ROMA – Nei 90 minuti di una partita di calcio ciascuno di noi (o almeno il tifoso) assiste all’azione, si entusiasma per i gol, si dispera per un’azione soffocata, per un palo centrato, per un cartellino rosso sollevato. In quei 90 minuti contempliamo una competizione, una gara che, spesso, assume i contorni d’una lotta: le declinazione contemporanea della guerra. Ma cosa succede, in quei 90 minuti, a un giocatore? Cosa pensa? Come si equilibra tra vita e gioco, tra esistenza e azione? Remo Carulli, giovane psicologo sportivo, sgrana una partita, come ce ne potrebbero essere tante, minuto dopo minuto, dirigendo il riflettore su un giocatore in particolare. I “Pensieri di un terzino sinistro” (Zona, 2009) diventano, dunque, declinazione di una figura che, oggi, ha assunto i contorni mitici dell’eroe post-moderno, del condottiero che guida le proprie truppe all’assalto d’una fortezza. E se non la espugna sono guai.
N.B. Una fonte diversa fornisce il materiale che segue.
locale sqt_hopf =
  fixes sc :: "'k::field \<Rightarrow> 'h::ring_1 \<Rightarrow> 'h" and \<Delta> :: "'h \<Rightarrow> ('h \<times> 'h) list"
    and \<epsilon> :: "'h \<Rightarrow> 'k" and S :: "'h \<Rightarrow> 'h" and R :: "('h \<times> 'h) list"
  assumes semiquasitriangular: "semiquasitriangular sc \<Delta> \<epsilon> S R"
begin

sublocale hopf sc \<Delta> \<epsilon> S
  using semiquasitriangular by unfold_locales (simp add: semiquasitriangular_def)

lemma psum_R_Delta_fst: "trilin_form sc \<tau> \<Longrightarrow>
  psum R (\<lambda>r1 r2. psum (\<Delta> r1) (\<lambda>x1 x2. \<tau> x1 x2 r2)) = psum R (\<lambda>r1 r2. psum R (\<lambda>s1 s2. \<tau> r1 s1 (r2 * s2)))"
  using semiquasitriangular unfolding semiquasitriangular_def teq3_def
  by (simp add: psum_def split_def o_def sum_list_map_concat)

lemma psum_Delta_nu_snd:
  assumes \<tau>: "trilin_form sc \<tau>"
  shows "psum R (\<lambda>s1 s2. psum (\<Delta> (S h1 * S r1 * h3 * s1)) (\<tau> (r2*h2*s2)))
   = psum (\<Delta> r1) (\<lambda>c d. psum (\<Delta> h1) (\<lambda>a b. psum (\<Delta> h3) (\<lambda>e f.
       psum R (\<lambda>s1 s2. psum R (\<lambda>t1 t2. \<tau> (r2*h2*(s2*t2)) (S b*S d*e*s1) (S a*S c*f*t1))))))"
proof -
  note \<tau>_lin = trilin_form_linear_fst[OF \<tau>] trilin_form_linear_snd[OF \<tau>] trilin_form_linear_thd[OF \<tau>]
  define B where "B x y = psum R (\<lambda>s1 s2. psum R (\<lambda>t1 t2. \<tau> (r2*h2*(s2*t2)) (x*s1) (y*t1)))" for x y
  have B: "bilin_form sc B"
    unfolding B_def by (intro linearity_intros \<tau>_lin)
  define \<gamma> where "\<gamma> x y = psum (\<Delta> h3) (\<lambda>e f. B (x*e) (y*f))" for x y
  have \<gamma>: "bilin_form sc \<gamma>"
    unfolding \<gamma>_def B_def by (intro linearity_intros \<tau>_lin)
  have "psum R (\<lambda>s1 s2. psum (\<Delta> (S h1 * S r1 * h3 * s1)) (\<tau> (r2*h2*s2)))
      = psum R (\<lambda>s1 s2. psum (\<Delta> (S h1 * S r1 * h3)) (\<lambda>x y. psum (\<Delta> s1) (\<lambda>u v. \<tau> (r2*h2*s2) (x*u) (y*v))))"
    by (intro psum_cong psum_Delta_mult) (intro linearity_intros \<tau>_lin)
  also have "\<dots> = psum (\<Delta> (S h1 * S r1 * h3)) (\<lambda>x y. psum R (\<lambda>s1 s2. psum (\<Delta> s1) (\<lambda>u v. \<tau> (r2*h2*s2) (x*u) (y*v))))"
    by (rule psum_swap)
  also have "\<dots> = psum (\<Delta> (S h1 * S r1 * h3)) B"
    unfolding B_def by (intro psum_cong psum_R_Delta_fst) (intro linearity_intros \<tau>_lin)
  also have "\<dots> = psum (\<Delta> (S h1 * S r1)) \<gamma>"
    unfolding \<gamma>_def by (rule psum_Delta_mult[OF B])
  also have "\<dots> = psum (\<Delta> (S h1)) (\<lambda>a b. psum (\<Delta> (S r1)) (\<lambda>c d. \<gamma> (a*c) (b*d)))"
    by (rule psum_Delta_mult[OF \<gamma>])
  also have "\<dots> = psum (\<Delta> (S r1)) (\<lambda>c d. psum (\<Delta> (S h1)) (\<lambda>a b. \<gamma> (a*c) (b*d)))"
    by (rule psum_swap)
  also have "\<dots> = psum (\<Delta> r1) (\<lambda>c d. psum (\<Delta> h1) (\<lambda>a b. \<gamma> (S b*S d) (S a*S c)))"
  proof -
    have "psum (\<Delta> (S h1)) (\<lambda>a b. \<gamma> (a*c) (b*d)) = psum (\<Delta> h1) (\<lambda>a b. \<gamma> (S b*c) (S a*d))" for c d
      by (rule psum_Delta_antipode) (unfold \<gamma>_def B_def, intro linearity_intros \<tau>_lin)
    then show ?thesis
      by (simp only:) (rule psum_Delta_antipode, unfold \<gamma>_def B_def, intro linearity_intros \<tau>_lin)
  qed
  finally show ?thesis
    unfolding \<gamma>_def B_def by (simp add: mult.assoc)
qed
Remo Carulli ha il grande merito (soprattutto agli occhi di coloro ai quali il calcio, più che uno sport, è soltanto una fastidiosa manifestazione di delirio collettivo) di sublimare lo sport nel senso più stretto del termine e di renderlo significativa metafora della vita, dei movimenti e dei fraintendimenti, delle casualità e degli autolesionismi che, intrecciati tutti insieme, creano la Vita, quella con la V maiuscola. Sicché capiamo tutte le altre sentenze che son pronunciate dai giocatori, che siano portieri o attaccanti; capiamo il processo di indagine e di scoperta personale che il terzino compie nei confronti di sé stesso, relazionandosi non soltanto coi compagni ma anche coi rivali, anch’essi personaggi mitici che, di volta in volta, assumono contorni e tinte sempre diverse. Capiamo anche l’ironia (anche quando declinata nella sua forma estrema, ovvero il sarcasmo) con la quale Carulli, in una divertita architettura, sostiene il racconto: la capiamo perché è la stessa che, per sopravvivere, dovremmo applicare al racconto della Vita, quella vera.
Remo Carulli ha il merito di aver tentato di motivare il calcio, di presentarcelo come se fosse una “cosa seria”. Da parte nostra, noi, abituati alla contemporaneità (e alla realtà delle prime pagine dei quotidiani), potremmo anche riuscire a farci cullare dall’illusione.
Non sveliamo il risultato della partita; ché in realtà, di importanza, non ne ha molta. Parafrasando Kavafis, non è tanto importante la mèta, quanto piuttosto la strada che siamo costretti a percorrere per raggiungerla.